From Alexander Hamilton to Elizabeth Hamilton, [28 May 1789]

To Elizabeth Hamilton

[May 28, 1789]

I am miserable My beloved angel that I cannot yet come to you; but this abominable business still detains us & will do it for some days.1 I would willingly endure the fatigue of a journey to visit you, if it were but for a minute; but such is my situation and the expectation of those for whom I act, that I cannot get away for an hour. It cannot however much longer keep me from my beloved; and the moment I can I will fly to your bosom.

Engage the house on the conditions you mention.2 When I come to town I will examine the title and advance the money, if I find no legal incumbrance & impediment. Tell Mr.
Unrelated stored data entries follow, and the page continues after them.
(* Assume $w(C)=f(|C|)$ for all $C\in\mathcal I$, for some positive function $f$. Let $\mathcal I=\{C\subset[K]\setminus\mathcal Y_0:\ k_0\le|C|\le K_0\}$ for some $0\le k_0\le K_0\le K$ and a (possibly empty) excluded set $\mathcal Y_0\subset[K]$ with $\mathcal Y_0\ne[K]$. Then for every $x\in\mathcal X$ and all $0\le\mu_1<\mu_2$, $C^{\mu_1}(x)\subseteq C^{\mu_2}(x)$.
   Context: Classification setting: $\mathcal Y=[K]=\{1,\dots,K\}$, $\alpha\in(0,1)$. For each $x$ and $k\in[K]$, $\hat P(Y=k\mid X=x)$ is a fixed estimated class probability, and $\hat p_C(x)=\sum_{k\in C}\hat P(Y=k\mid X=x)$ for $C\subseteq[K]$. $\mathcal I$ is enumerated in a fixed lexicographic order. For $\mu\ge0$ let $\hat\ell_{x,C}(\mu)=w(C)\hat p_C(x)+\mu(\hat p_C(x)-(1-\alpha))$. $C^\mu(x)$ is a maximizer of $\hat\ell_{x,C}(\mu)$ over $C\in\mathcal I$, with ties broken in favor of the smallest weight $w(C)$ and then the smallest index in the ordering. *)

theory Defs
  imports Complex_Main
begin

text \<open>Estimated probability mass of a label set: hat p_C(x) = sum over k in C of hat P(Y=k | X=x).
  Here p stands for the function k maps to hat P(Y=k | X=x) at a fixed x.\<close>
definition pC :: "(nat \<Rightarrow> real) \<Rightarrow> nat set \<Rightarrow> real" where
  "pC p C = (\<Sum>k\<in>C. p k)"

definition ell :: "(nat set \<Rightarrow> real) \<Rightarrow> (nat \<Rightarrow> real) \<Rightarrow> real \<Rightarrow> real \<Rightarrow> nat set \<Rightarrow> real" where
  "ell w p alpha mu C = w C * pC p C + mu * (pC p C - (1 - alpha))"

definition lex_less :: "nat set \<Rightarrow> nat set \<Rightarrow> bool" where
  "lex_less A B \<longleftrightarrow> (sorted_list_of_set A, sorted_list_of_set B) \<in> lexord {(a, b). a < b}"

definition is_Cmu :: "nat set set \<Rightarrow> (nat set \<Rightarrow> real) \<Rightarrow> (nat \<Rightarrow> real) \<Rightarrow> real \<Rightarrow> real \<Rightarrow> nat set \<Rightarrow> bool" where
  "is_Cmu I w p alpha mu C \<longleftrightarrow> C \<in> I \<and>
     (\<forall>C'\<in>I. C' \<noteq> C \<longrightarrow>
        ell w p alpha mu C' < ell w p alpha mu C \<or>
        (ell w p alpha mu C' = ell w p alpha mu C \<and>
          (w C < w C' \<or> (w C = w C' \<and> lex_less C C'))))"

end

(* The size of the selected set is nondecreasing in mu.  Indeed, if |C1| > |C2|, padding C2
   with elements of C1 gives a set of the size, hence of the weight, of C1, and at fixed weight a
   maximizer maximizes the mass p_C; so p(C2) <= p(C1).  But ell(C1) - ell(C2) is affine in mu
   with slope p(C1) - p(C2), nonnegative at mu1 and nonpositive at mu2, and with the tie-break
   this forces p(C1) < p(C2).
   Now let |C1| <= |C2|, a in C1 - C2 and b in C2 - C1.  Exchanging a and b preserves sizes,
   so optimality of C1 and of C2 gives p_b <= p_a and p_a <= p_b; after that the lexicographic
   tie-break is violated by the exchange that inserts the smaller of a and b. *)
theory Submission
  imports Defs
begin

lemma sorted_list_of_set_Un_less:
  fixes A B :: "'a::linorder set"
  assumes "finite A" "finite B" "\<forall>x\<in>A. \<forall>y\<in>B. x < y"
  shows "sorted_list_of_set (A \<union> B) = sorted_list_of_set A @ sorted_list_of_set B"
proof (rule sorted_distinct_set_unique)
  show "sorted (sorted_list_of_set A @ sorted_list_of_set B)"
    using assms by (auto simp: sorted_append less_imp_le)
  show "distinct (sorted_list_of_set A @ sorted_list_of_set B)"
    using assms by auto
qed (use assms in auto)

lemma lex_less_asym: "lex_less A B \<Longrightarrow> \<not> lex_less B A"
  using lexord_asymmetric[of "{(a::nat, b). a < b}"] by (auto simp: lex_less_def asym_iff)

lemma lex_less_exchange_smaller:
  assumes "finite A" "a \<in> A" "b \<notin> A" "b < a"
  shows "lex_less (insert b (A - {a})) A"
proof -
  define L where "L = {x\<in>A. x < b}"
  define R where "R = {x\<in>A. b < x}"
  have fin: "finite L" "finite R" using assms by (auto simp: L_def R_def)
  have A: "A = L \<union> R" using assms(3) by (auto simp: L_def R_def) (metis linorder_cases)
  have "R \<noteq> {}" using assms by (auto simp: R_def)
  then have R: "R \<noteq> {}" "b < Min R" using Min_in[OF fin(2)] unfolding R_def by blast+
  have "sorted_list_of_set A = sorted_list_of_set L @ Min R # sorted_list_of_set (R - {Min R})"
    unfolding A using fin R
    by (subst sorted_list_of_set_Un_less) (auto simp: L_def R_def sorted_list_of_set_nonempty)
  moreover have "sorted_list_of_set (insert b (A - {a}))
      = sorted_list_of_set L @ b # sorted_list_of_set (R - {a})"
  proof -
    have "Min (insert b (R - {a})) = b" "insert b (R - {a}) - {b} = R - {a}"
      using fin by (auto simp: R_def intro!: Min_eqI)
    then have "sorted_list_of_set (insert b (R - {a})) = b # sorted_list_of_set (R - {a})"
      using fin by (simp add: sorted_list_of_set_nonempty)
    moreover have "insert b (A - {a}) = L \<union> insert b (R - {a})"
      using assms by (auto simp: L_def R_def)
    moreover have "sorted_list_of_set (L \<union> insert b (R - {a}))
        = sorted_list_of_set L @ sorted_list_of_set (insert b (R - {a}))"
      using fin by (intro sorted_list_of_set_Un_less) (auto simp: L_def R_def)
    ultimately show ?thesis by simp
  qed
  ultimately show ?thesis
    unfolding lex_less_def by (auto intro: lexord_append_left_rightI simp: R)
qed

lemma card_exchange:
  assumes "finite C" "a \<in> C" "b \<notin> C"
  shows "card (insert b (C - {a})) = card C"
proof -
  have "card C > 0" using assms card_gt_0_iff by blast
  then show ?thesis using assms by (simp add: card_Diff_singleton)
qed

lemma pC_exchange:
  assumes "finite C" "a \<in> C" "b \<notin> C"
  shows "pC p (insert b (C - {a})) = pC p C - p a + p b"
  using assms by (simp add: pC_def sum_diff1)

lemma is_Cmu_ell_le:
  "is_Cmu I w p alpha mu C \<Longrightarrow> D \<in> I \<Longrightarrow> ell w p alpha mu D \<le> ell w p alpha mu C"
  unfolding is_Cmu_def by fastforce

lemma is_Cmu_tie:
  assumes "is_Cmu I w p alpha mu C" "D \<in> I" "D \<noteq> C" "ell w p alpha mu D = ell w p alpha mu C"
  shows "w C < w D \<or> (w C = w D \<and> lex_less C D)"
  using assms unfolding is_Cmu_def by fastforce

lemma is_Cmu_same_weight:
  assumes C: "is_Cmu I w p alpha mu C" and "D \<in> I" "w D = w C" "0 < w C + mu"
  shows "pC p D \<le> pC p C"
    and "pC p D = pC p C \<Longrightarrow> D \<noteq> C \<Longrightarrow> lex_less C D"
proof -
  have diff: "ell w p alpha mu D - ell w p alpha mu C = (w C + mu) * (pC p D - pC p C)"
    using \<open>w D = w C\<close> by (simp add: ell_def algebra_simps)
  then have "(w C + mu) * (pC p D - pC p C) \<le> 0"
    using is_Cmu_ell_le[OF C \<open>D \<in> I\<close>] by linarith
  then show "pC p D \<le> pC p C"
    using \<open>0 < w C + mu\<close> by (simp add: mult_le_0_iff)
  show "lex_less C D" if "pC p D = pC p C" "D \<noteq> C"
    using is_Cmu_tie[OF C \<open>D \<in> I\<close> \<open>D \<noteq> C\<close>] diff that \<open>w D = w C\<close> by simp
qed

lemma is_Cmu_exchange:
  assumes C: "is_Cmu I w p alpha mu C" and "finite C" "a \<in> C" "b \<notin> C"
    and "insert b (C - {a}) \<in> I" "w (insert b (C - {a})) = w C" "0 < w C + mu"
  shows "p b < p a \<or> (p b = p a \<and> a < b)"
proof -
  let ?D = "insert b (C - {a})"
  note mass = is_Cmu_same_weight[OF C \<open>?D \<in> I\<close> \<open>w ?D = w C\<close> \<open>0 < w C + mu\<close>]
  have pD: "pC p ?D = pC p C - p a + p b" using pC_exchange assms(2-4) .
  have "p b \<le> p a" using mass(1) pD by linarith
  moreover have "a < b" if "p b = p a"
  proof -
    have "?D \<noteq> C" using \<open>b \<notin> C\<close> by blast
    then have "lex_less C ?D" using mass(2) pD that by simp
    then have "\<not> b < a"
      using lex_less_exchange_smaller[OF \<open>finite C\<close> \<open>a \<in> C\<close> \<open>b \<notin> C\<close>] lex_less_asym by blast
    moreover have "a \<noteq> b" using assms(3,4) by blast
    ultimately show "a < b" by simp
  qed
  ultimately show ?thesis by fastforce
qed

lemma is_Cmu_pC_less:
  assumes C1: "is_Cmu I w p alpha mu1 C1" and C2: "is_Cmu I w p alpha mu2 C2"
    and "mu1 < mu2" "C1 \<noteq> C2"
  shows "pC p C1 < pC p C2"
proof (rule ccontr)
  assume "\<not> ?thesis"
  then have mass: "pC p C2 \<le> pC p C1" by simp
  define d where "d mu = ell w p alpha mu C1 - ell w p alpha mu C2" for mu
  have C1I: "C1 \<in> I" and C2I: "C2 \<in> I" using C1 C2 by (auto simp: is_Cmu_def)
  have "d mu2 - d mu1 = (mu2 - mu1) * (pC p C1 - pC p C2)"
    by (simp add: d_def ell_def algebra_simps)
  moreover have "0 \<le> (mu2 - mu1) * (pC p C1 - pC p C2)"
    using mass \<open>mu1 < mu2\<close> by simp
  moreover have "0 \<le> d mu1" "d mu2 \<le> 0"
    using is_Cmu_ell_le[OF C1 C2I] is_Cmu_ell_le[OF C2 C1I] by (auto simp: d_def)
  ultimately have "d mu1 = 0" "d mu2 = 0" by linarith+
  then have "w C1 < w C2 \<or> (w C1 = w C2 \<and> lex_less C1 C2)"
    and "w C2 < w C1 \<or> (w C2 = w C1 \<and> lex_less C2 C1)"
    using is_Cmu_tie[OF C1 C2I] is_Cmu_tie[OF C2 C1I] \<open>C1 \<noteq> C2\<close> by (auto simp: d_def)
  then show False using lex_less_asym by force
qed

lemma obtain_superset_within_Un_with_card:
  assumes "finite A" "finite B" "card B \<le> card A"
  obtains E where "B \<subseteq> E" "E \<subseteq> A \<union> B" "card E = card A"
proof -
  have "card A - card B \<le> card (A - B)" by (rule diff_card_le_card_Diff) fact
  then obtain X where X: "X \<subseteq> A - B" "card X = card A - card B"
    using obtain_subset_with_card_n by metis
  then have "card (B \<union> X) = card A"
    using assms finite_subset[of X A] by (subst card_Un_disjoint) auto
  then show ?thesis using that X by blast
qed

lemma is_Cmu_subset_if_card_le:
  assumes I: "I = {C. C \<subseteq> S \<and> P (card C)}" and "finite S"
    and w: "\<forall>C\<in>I. w C = f (card C)" and f: "\<forall>n. 0 < f n"
    and "0 \<le> mu1" "0 \<le> mu2"
    and C1: "is_Cmu I w p alpha mu1 C1" and C2: "is_Cmu I w p alpha mu2 C2"
    and "card C1 \<le> card C2"
  shows "C1 \<subseteq> C2"
proof (rule ccontr)
  assume "\<not> C1 \<subseteq> C2"
  then obtain a where a: "a \<in> C1" "a \<notin> C2" by blast
  have "C1 \<in> I" "C2 \<in> I" using C1 C2 by (auto simp: is_Cmu_def)
  then have C12: "C1 \<subseteq> S" "C2 \<subseteq> S" by (auto simp: I)
  then have "finite C1" "finite C2" using \<open>finite S\<close> by (auto intro: finite_subset)
  have "\<not> C2 \<subseteq> C1"
  proof
    assume "C2 \<subseteq> C1"
    moreover have "card C2 = card C1"
      using card_mono[OF \<open>finite C1\<close> \<open>C2 \<subseteq> C1\<close>] \<open>card C1 \<le> card C2\<close> by linarith
    ultimately have "C2 = C1" by (rule card_subset_eq[OF \<open>finite C1\<close>])
    then show False using a by blast
  qed
  then obtain b where b: "b \<in> C2" "b \<notin> C1" by blast
  have exchange_in_I: "insert v (C - {u}) \<in> I \<and> w (insert v (C - {u})) = w C"
    if "C \<in> I" "u \<in> C" "v \<in> S - C" for C u v
  proof -
    have "C \<subseteq> S" "P (card C)" using \<open>C \<in> I\<close> by (simp_all add: I)
    then have "card (insert v (C - {u})) = card C"
      using card_exchange[OF finite_subset[OF \<open>C \<subseteq> S\<close> \<open>finite S\<close>] that(2)] that(3) by simp
    moreover have "insert v (C - {u}) \<subseteq> S" using \<open>C \<subseteq> S\<close> that(3) by blast
    ultimately have "insert v (C - {u}) \<in> I" using \<open>P (card C)\<close> by (simp add: I)
    then show ?thesis using w \<open>C \<in> I\<close> \<open>card (insert v (C - {u})) = card C\<close> by simp
  qed
  have weight_pos: "0 < w C + mu" if "C \<in> I" "0 \<le> mu" for C mu
    using that w f by (simp add: add_pos_nonneg)
  have "p b < p a \<or> (p b = p a \<and> a < b)"
    using is_Cmu_exchange[OF C1 \<open>finite C1\<close> a(1) b(2)] exchange_in_I[OF \<open>C1 \<in> I\<close> a(1)]
      weight_pos[OF \<open>C1 \<in> I\<close> \<open>0 \<le> mu1\<close>] b(1) b(2) C12 by blast
  moreover have "p a < p b \<or> (p a = p b \<and> b < a)"
    using is_Cmu_exchange[OF C2 \<open>finite C2\<close> b(1) a(2)] exchange_in_I[OF \<open>C2 \<in> I\<close> b(1)]
      weight_pos[OF \<open>C2 \<in> I\<close> \<open>0 \<le> mu2\<close>] a(1) a(2) C12 by blast
  ultimately show False by linarith
qed

lemma is_Cmu_card_mono:
  assumes I: "I = {C. C \<subseteq> S \<and> P (card C)}" and "finite S"
    and w: "\<forall>C\<in>I. w C = f (card C)" and f: "\<forall>n. 0 < f n"
    and p: "\<forall>k\<in>S. 0 \<le> p k" and "0 \<le> mu1" "mu1 < mu2"
    and C1: "is_Cmu I w p alpha mu1 C1" and C2: "is_Cmu I w p alpha mu2 C2"
  shows "card C1 \<le> card C2"
proof (rule ccontr)
  assume "\<not> card C1 \<le> card C2"
  have "C1 \<in> I" "C2 \<in> I" using C1 C2 by (auto simp: is_Cmu_def)
  then have C12: "C1 \<subseteq> S" "C2 \<subseteq> S" by (auto simp: I)
  then have "finite C1" "finite C2" using \<open>finite S\<close> by (auto intro: finite_subset)
  obtain E where E: "C2 \<subseteq> E" "E \<subseteq> C1 \<union> C2" "card E = card C1"
    using obtain_superset_within_Un_with_card[OF \<open>finite C1\<close> \<open>finite C2\<close>] \<open>\<not> card C1 \<le> card C2\<close> by force
  have "E \<subseteq> S" using E C12 by blast
  then have "E \<in> I" using E(3) \<open>C1 \<in> I\<close> by (simp add: I)
  then have "w E = w C1" using E(3) \<open>C1 \<in> I\<close> w by simp
  have "pC p C2 \<le> pC p E"
    unfolding pC_def
    using E C12 p finite_subset[OF E(2)] \<open>finite C1\<close> \<open>finite C2\<close>
    by (intro sum_mono2) (auto simp: subset_iff)
  also have "\<dots> \<le> pC p C1"
    using is_Cmu_same_weight(1)[OF C1 \<open>E \<in> I\<close> \<open>w E = w C1\<close>] f w \<open>C1 \<in> I\<close> \<open>0 \<le> mu1\<close>
    by (simp add: add_pos_nonneg)
  finally have "pC p C2 \<le> pC p C1" .
  moreover have "C1 \<noteq> C2" using \<open>\<not> card C1 \<le> card C2\<close> by blast
  ultimately show False
    using is_Cmu_pC_less[OF C1 C2 \<open>mu1 < mu2\<close>] by linarith
qed

theorem proposition12:
  fixes K k0 K0 :: nat and Y0 :: "nat set" and f :: "nat \<Rightarrow> real"
    and w :: "nat set \<Rightarrow> real" and phat :: "'x \<Rightarrow> nat \<Rightarrow> real"
    and alpha :: real and x :: 'x and mu1 mu2 :: real and C1 C2 :: "nat set"
  defines "I \<equiv> {C. C \<subseteq> {1..K} - Y0 \<and> k0 \<le> card C \<and> card C \<le> K0}"
  assumes "0 < alpha" and "alpha < 1"
    and "\<forall>x. \<forall>k\<in>{1..K}. 0 \<le> phat x k"
    and "\<forall>x. (\<Sum>k\<in>{1..K}. phat x k) = 1"
    and "k0 \<le> K0" and "K0 \<le> K"
    and "Y0 \<subseteq> {1..K}" and "Y0 \<noteq> {1..K}"
    and "\<forall>n. 0 < f n"
    and "\<forall>C\<in>I. w C = f (card C)"
    and "0 \<le> mu1" and "mu1 < mu2"
    and "is_Cmu I w (phat x) alpha mu1 C1"
    and "is_Cmu I w (phat x) alpha mu2 C2"
  shows "C1 \<subseteq> C2"
proof -
  have I: "I = {C. C \<subseteq> {1..K} - Y0 \<and> k0 \<le> card C \<and> card C \<le> K0}"
    unfolding I_def ..
  have fin: "finite ({1..K} - Y0)" and nonneg: "\<forall>k\<in>{1..K} - Y0. 0 \<le> phat x k"
    using assms(4) by auto
  have "0 \<le> mu2" using assms(12,13) by linarith
  have "card C1 \<le> card C2"
    by (rule is_Cmu_card_mono[OF I fin assms(11,10) nonneg assms(12-15)])
  then show ?thesis
    by (rule is_Cmu_subset_if_card_le[OF I fin assms(11,10) assms(12) \<open>0 \<le> mu2\<close> assms(14,15)])
qed

end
Barkeley this.3 Blessing without number upon you and my little ones.


AL[S], Hamilton Papers, Library of Congress.

1The “abominable business” which had detained H must have occurred outside of New York City. It probably was a case at some county court, for the Supreme Court met only in January, April, July, and October.

2H is referring to the house at 58 Wall Street which he had rented for at least a year. See H to Elizabeth Hamilton, March 17, 1788 (PAH, III, 599); “Conveyance from James Barclay and Others,” September 17, 1785 (printed in PAH, XXVI).

3Probably James Barclay, an auctioneer whose business was conducted at 14 Hanover Square.